Your goal |
Your reply should be made up of every line in the records below that holds the string "prems".

--- Dataset excerpts ---

lemma transpose_burau_mult_powers:
  assumes "1 \<le> i" "i < n" "q1 * q + q2 = 0"
  shows "(burau n q1 q2 i)\<^sup>T *\<^sub>v vec n (\<lambda>r. q ^ r) = q1 \<cdot>\<^sub>v vec n (\<lambda>r. q ^ r)"
proof (rule eq_vecI)
  fix c assume "c < dim_vec (q1 \<cdot>\<^sub>v vec n (\<lambda>r. q ^ r))"
  then have c: "c < n" by simp
  obtain j where j: "i = Suc j" using assms(1) by (cases i) auto
  have q2: "q2 = - q1 * q" using assms(3) by (simp add: eq_neg_iff_add_eq_0 add.commute)
  have "((burau n q1 q2 i)\<^sup>T *\<^sub>v vec n (\<lambda>r. q ^ r)) $ c = (\<Sum>r\<in>{0..<n}. burau n q1 q2 i $$ (r, c) * q ^ r)"
    using c by (simp add: burau_def scalar_prod_def)
  also have "\<dots> = q1 * q ^ c"
  proof -
    consider "c = j" | "c = Suc j" | "c \<noteq> j" "c \<noteq> Suc j" by blast
    then show ?thesis
    proof cases
      case 1
      then show ?thesis using assms c j q2
        by (subst sum_eq_pair_support[of j _ "Suc j"]) (auto simp: burau_def algebra_simps)
    next
      case 2
      then show ?thesis using assms c j q2
        by (subst sum_eq_single_support[of j]) (auto simp: burau_def)
    next
      case 3
      then show ?thesis using assms c j
        by (subst sum_eq_single_support[of c]) (auto simp: burau_def)
    qed
  qed
  finally show "((burau n q1 q2 i)\<^sup>T *\<^sub>v vec n (\<lambda>r. q ^ r)) $ c = (q1 \<cdot>\<^sub>v vec n (\<lambda>r. q ^ r)) $ c"
    using c by simp
qed (simp add: burau_def)

lemma burau_mult_Lperp:
  assumes "1 \<le> i" "i < n" "q1 * q + q2 = 0" "v \<in> Lperp n q"
  shows "burau n q1 q2 i *\<^sub>v v \<in> Lperp n q"
proof -
  let ?p = "vec n (\<lambda>r. q ^ r)"
  have v: "v \<in> carrier_vec n" "v \<bullet> ?p = 0" using assms(4) by (auto simp: Lperp_altdef)
  have B: "burau n q1 q2 i \<in> carrier_mat n n" by (rule burau_carrier)
  have "(burau n q1 q2 i *\<^sub>v v) \<bullet> ?p = ?p \<bullet> (burau n q1 q2 i *\<^sub>v v)"
    using B v by (intro comm_scalar_prod[of _ n]) auto
  also have "\<dots> = ((burau n q1 q2 i)\<^sup>T *\<^sub>v ?p) \<bullet> v"
    using B v by (intro transpose_vec_mult_scalar[symmetric]) auto
  also have "\<dots> = q1 * (v \<bullet> ?p)"
    using v by (simp add: transpose_burau_mult_powers[OF assms(1-3)] comm_scalar_prod[of _ n])
  finally show ?thesis using B v by (simp add: Lperp_altdef)
qed

lemma fvec_in_Lperp:
  assumes "1 \<le> i" "i < n" "q1 * q + q2 = 0"
  shows "fvec n q1 q2 i \<in> Lperp n q"
proof -
  obtain j where j: "i = Suc j" using assms(1) by (cases i) auto
  have "fvec n q1 q2 i \<bullet> vec n (\<lambda>r. q ^ r) = q2 * q ^ j + q1 * q ^ Suc j"
    using assms j by (subst scalar_prod_def, subst sum_eq_pair_support[of j _ "Suc j"])
      (auto simp: fvec_def ebas_def)
  also have "\<dots> = (q1 * q + q2) * q ^ j" by (simp add: algebra_simps)
  finally show ?thesis using assms(3) by (simp add: Lperp_altdef fvec_def ebas_def)
qed

lemma Lperp_add: "v \<in> Lperp n q \<Longrightarrow> w \<in> Lperp n q \<Longrightarrow> v + w \<in> Lperp n q"
  by (simp add: Lperp_altdef add_scalar_prod_distrib[of _ n])

lemma Lperp_smult: "v \<in> Lperp n q \<Longrightarrow> c \<cdot>\<^sub>v v \<in> Lperp n q"
  by (simp add: Lperp_altdef)

lemma Lperp_submodule: "submodule class_ring (Lperp n q) (module_vec TYPE(complex) n)"
  unfolding submodule_def using vec_module[of n]
  by (auto simp: module_vec_simps Lperp_add Lperp_smult) (auto simp: Lperp_altdef)

lemma Lperp_in_Fspan_if_supported:
  assumes "q1 \<noteq> 0" "q1 * q + q2 = 0"
  shows "v \<in> Lperp n q \<Longrightarrow> \<forall>r. m < r \<longrightarrow> r < n \<longrightarrow> v $ r = 0 \<Longrightarrow> v \<in> Fspan n q1 q2"
proof (induction m arbitrary: v)
  interpret vec_space "TYPE(complex)" n .
  case 0
  have v: "v \<in> carrier_vec n" "v \<bullet> vec n (\<lambda>r. q ^ r) = 0" using "0.prems"(1) by (auto simp: Lperp_altdef)
  have "v = 0\<^sub>v n"
  proof (rule eq_vecI)
    fix r assume r: "r < dim_vec (0\<^sub>v n)"
    show "v $ r = 0\<^sub>v n $ r"
    proof (cases r)
      case 0
      have "v \<bullet> vec n (\<lambda>r. q ^ r) = v $ 0"
        using r v "0.prems"(2) by (subst scalar_prod_def, subst sum_eq_single_support[of 0]) auto
      then show ?thesis using r v 0 by simp
    qed (use r "0.prems"(2) in auto)
  qed (use v in simp)
  then show ?case unfolding Fspan_def using span_zero by simp
next
  interpret vec_space "TYPE(complex)" n .
  case (Suc m)
  show ?case
  proof (cases "Suc m < n")
    case False
    then show ?thesis using Suc by auto
  next
    case True
    let ?f = "fvec n q1 q2 (Suc m)"
    \<comment> \<open>?f has its nonzero entries at the 0-based positions m and Suc m, so w vanishes beyond m.\<close>
    define c where "c = v $ Suc m / q1"
    define w where "w = v + (- c) \<cdot>\<^sub>v ?f"
    have v: "v \<in> carrier_vec n" using Suc.prems(1) by (simp add: Lperp_altdef)
    have gens: "fvec n q1 q2 ` {1..<n} \<subseteq> carrier_vec n" by (auto simp: fvec_def ebas_def)
    have f: "?f \<in> span (fvec n q1 q2 ` {1..<n})" using True in_own_span[OF gens] by auto
    have "w \<in> Lperp n q"
      unfolding w_def using Suc.prems(1) fvec_in_Lperp[OF _ True assms(2)] by (simp add: Lperp_add Lperp_smult)
    moreover have "\<forall>r. m < r \<longrightarrow> r < n \<longrightarrow> w $ r = 0"
      using Suc.prems(2) v assms(1) by (auto simp: w_def c_def fvec_def ebas_def)
    ultimately have "w \<in> span (fvec n q1 q2 ` {1..<n})" using Suc.IH unfolding Fspan_def by simp
    moreover have "v = w + c \<cdot>\<^sub>v ?f"
      using v by (intro eq_vecI) (auto simp: w_def fvec_def ebas_def)
    ultimately show ?thesis
      unfolding Fspan_def using span_add1[OF gens _ smult_in_span[OF gens f]] by simp
  qed
qed

lemma Fspan_eq_Lperp:
  assumes "q1 \<noteq> 0" "q1 * q + q2 = 0"
  shows "Fspan n q1 q2 = Lperp n q"
proof
  interpret vec_space "TYPE(complex)" n .
  show "Fspan n q1 q2 \<subseteq> Lperp n q"
    unfolding Fspan_def using fvec_in_Lperp[OF _ _ assms(2)]
    by (intro span_is_subset Lperp_submodule) auto
  show "Lperp n q \<subseteq> Fspan n q1 q2"
    using Lperp_in_Fspan_if_supported[OF assms, where m = n and n = n] by auto
qed

lemma Smat_index:
  assumes "q1 \<noteq> q2" "r < n" "c < n" "Suc j < n"
  shows "Smat n q1 q2 (Suc j) $$ (r, c) =
    (if r = j \<and> c = j then (q1 + q2) / (q1 - q2)
     else if r = j \<and> c = Suc j then - 2 * q2 / (q1 - q2)
     else if r = Suc j \<and> c = j then 2 * q1 / (q1 - q2)
     else if r = Suc j \<and> c = Suc j then - ((q1 + q2) / (q1 - q2))
     else if r = c then 1 else 0)" (is "_ = ?rhs")
proof -
  have "Smat n q1 q2 (Suc j) $$ (r, c)
      = (2 * burau n q1 q2 (Suc j) $$ (r, c) - (q1 + q2) * (if r = c then 1 else 0)) / (q1 - q2)"
    using assms unfolding Smat_def by (simp add: burau_def)
  also have "\<dots> = ?rhs"
    using assms by (simp add: burau_def divide_simps; simp add: algebra_simps)
  finally show ?thesis .
qed

lemma transpose_mult_gram_mult_index:
  assumes "A \<in> carrier_mat n n" "B \<in> carrier_mat n n" "r < n" "c < n"
  shows "(A\<^sup>T * gram n q * B) $$ (r, c) = (\<Sum>k\<in>{0..<n}. A $$ (k, r) * q ^ k * B $$ (k, c))"
proof -
  have "A\<^sup>T * gram n q = mat n n (\<lambda>(r, k). A $$ (k, r) * q ^ k)"
    using assms(1) by (intro eq_matI) (auto simp: gram_def scalar_prod_def sum_eq_single_support)
  then show ?thesis
    using assms by (simp add: scalar_prod_def)
qed

(* (a, b; c, -a) is the block of S_i on the 0-based coordinates i - 1, i. *)
lemma Smat_block_isometry:
  fixes q1 q2 q :: complex
  assumes "q1 * q + q2 = 0" "q1 \<noteq> q2"
  defines "a \<equiv> (q1 + q2) / (q1 - q2)" and "b \<equiv> - 2 * q2 / (q1 - q2)" and "c \<equiv> 2 * q1 / (q1 - q2)"
  shows "a * a + q * (c * c) = 1" and "a * b - q * (c * a) = 0" and "b * b + q * (a * a) = q"
proof -
  have d: "q1 - q2 \<noteq> 0" using assms(2) by simp
  have q2: "q2 = - q1 * q" using assms(1) by (simp add: eq_neg_iff_add_eq_0 add.commute)
  have "a * a + q * (c * c) = ((q1 + q2) * (q1 + q2) + 4 * q1 * (q1 * q)) / ((q1 - q2) * (q1 - q2))"
    unfolding a_def c_def by (simp add: add_divide_distrib diff_divide_distrib algebra_simps)
  also have "(q1 + q2) * (q1 + q2) + 4 * q1 * (q1 * q) = (q1 - q2) * (q1 - q2)"
    unfolding q2 by (simp add: algebra_simps)
  finally show "a * a + q * (c * c) = 1" using d by simp
  have "a * b - q * (c * a) = - 2 * (q1 + q2) * (q1 * q + q2) / ((q1 - q2) * (q1 - q2))"
    unfolding a_def b_def c_def by (simp add: add_divide_distrib diff_divide_distrib algebra_simps)
  then show "a * b - q * (c * a) = 0" using assms(1) by simp
  have "b * b + q * (a * a) = (4 * q2 * q2 + q * ((q1 + q2) * (q1 + q2))) / ((q1 - q2) * (q1 - q2))"
    unfolding a_def b_def by (simp add: add_divide_distrib diff_divide_distrib algebra_simps)
  also have "4 * q2 * q2 + q * ((q1 + q2) * (q1 + q2)) = q * ((q1 - q2) * (q1 - q2))"
    unfolding q2 by (simp add: algebra_simps)
  finally show "b * b + q * (a * a) = q" using d by simp
qed

lemma Smat_isometry:
  assumes "q1 * q + q2 = 0" "q1 \<noteq> q2" "1 \<le> i" "i < n"
  shows "(Smat n q1 q2 i)\<^sup>T * gram n q * Smat n q1 q2 i = gram n q"
proof (rule eq_matI)
  obtain j where j: "i = Suc j" using assms(3) by (cases i) auto
  let ?S = "Smat n q1 q2 i"
  have S: "?S \<in> carrier_mat n n" by (rule Smat_carrier)
  fix r c assume "r < dim_row (gram n q)" "c < dim_col (gram n q)"
  then have rc: "r < n" "c < n" by (auto simp: gram_def)
  have entry: "(?S\<^sup>T * gram n q * ?S) $$ (r, c) = (\<Sum>k\<in>{0..<n}. ?S $$ (k, r) * q ^ k * ?S $$ (k, c))"
    by (rule transpose_mult_gram_mult_index[OF S S rc])
  consider "r \<notin> {j, Suc j}" | "c \<notin> {j, Suc j}" | "r \<in> {j, Suc j}" "c \<in> {j, Suc j}" by blast
  then show "(?S\<^sup>T * gram n q * ?S) $$ (r, c) = gram n q $$ (r, c)"
  proof cases
    case 1
    then show ?thesis unfolding entry
      by (subst sum_eq_single_support[of r]) (use rc assms j in \<open>auto simp: Smat_index gram_def\<close>)
  next
    case 2
    then show ?thesis unfolding entry
      by (subst sum_eq_single_support[of c]) (use rc assms j in \<open>auto simp: Smat_index gram_def\<close>)
  next
    case 3
    define a b c' where "a = (q1 + q2) / (q1 - q2)" and "b = - 2 * q2 / (q1 - q2)"
      and "c' = 2 * q1 / (q1 - q2)"
    note block = Smat_block_isometry[OF assms(1,2), folded a_def b_def c'_def]
    have entries: "?S $$ (j, j) = a" "?S $$ (j, Suc j) = b" "?S $$ (Suc j, j) = c'" "?S $$ (Suc j, Suc j) = - a"
      using assms j by (simp_all add: Smat_index a_def b_def c'_def)
    have "(\<Sum>k\<in>{0..<n}. ?S $$ (k, r) * q ^ k * ?S $$ (k, c))
        = q ^ j * (?S $$ (j, r) * ?S $$ (j, c) + q * (?S $$ (Suc j, r) * ?S $$ (Suc j, c)))"
      by (subst sum_eq_pair_support[of j _ "Suc j"])
        (use 3 rc assms j in \<open>auto simp: Smat_index algebra_simps\<close>)
    also have "?S $$ (j, r) * ?S $$ (j, c) + q * (?S $$ (Suc j, r) * ?S $$ (Suc j, c))
        = (if r = c then (if r = j then 1 else q) else 0)"
      using 3 block by (auto simp: entries algebra_simps)
    also have "q ^ j * \<dots> = gram n q $$ (r, c)"
      using 3 rc by (auto simp: gram_def)
    finally show ?thesis unfolding entry .
  qed
qed (auto simp: gram_def Smat_def burau_def)

theorem lemma3p5:
  fixes n :: nat and q1 q2 :: complex
  assumes "n \<ge> 2" and "q1 * q2 \<noteq> 0" and "q1 \<noteq> q2"
  defines "q \<equiv> hq q1 q2"
  shows "\<forall>i \<in> {1..<n}.
      (Smat n q1 q2 i)\<^sup>T * gram n q * Smat n q1 q2 i = gram n q
    \<and> Smat n q1 q2 i *\<^sub>v f0 n = f0 n
    \<and> fvec n q1 q2 i \<in> Lperp n q
    \<and> (\<forall>v \<in> Lperp n q. burau n q1 q2 i *\<^sub>v v \<in> Lperp n q)
    \<and> Fspan n q1 q2 = Lperp n q"
proof -
  have q1: "q1 \<noteq> 0" using assms(2) by simp
  have rel: "q1 * q + q2 = 0" unfolding q_def using q1 by (rule mult_hq_add_eq_0)
  show ?thesis
    using Smat_isometry[OF rel assms(3)] Smat_mult_f0[OF assms(3)] fvec_in_Lperp[OF _ _ rel]
      burau_mult_Lperp[OF _ _ rel] Fspan_eq_Lperp[OF q1 rel]
    by auto
qed

end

---

Response to the exercise |
  have v: "v \<in> carrier_vec n" "v \<bullet> vec n (\<lambda>r. q ^ r) = 0" using "0.prems"(1) by (auto simp: Lperp_altdef)
        using r v "0.prems"(2) by (subst scalar_prod_def, subst sum_eq_single_support[of 0]) auto
    qed (use r "0.prems"(2) in auto)
    have v: "v \<in> carrier_vec n" using Suc.prems(1) by (simp add: Lperp_altdef)
      unfolding w_def using Suc.prems(1) fvec_in_Lperp[OF _ True assms(2)] by (simp add: Lperp_add Lperp_smult)
      using Suc.prems(2) v assms(1) by (auto simp: w_def c_def fvec_def ebas_def)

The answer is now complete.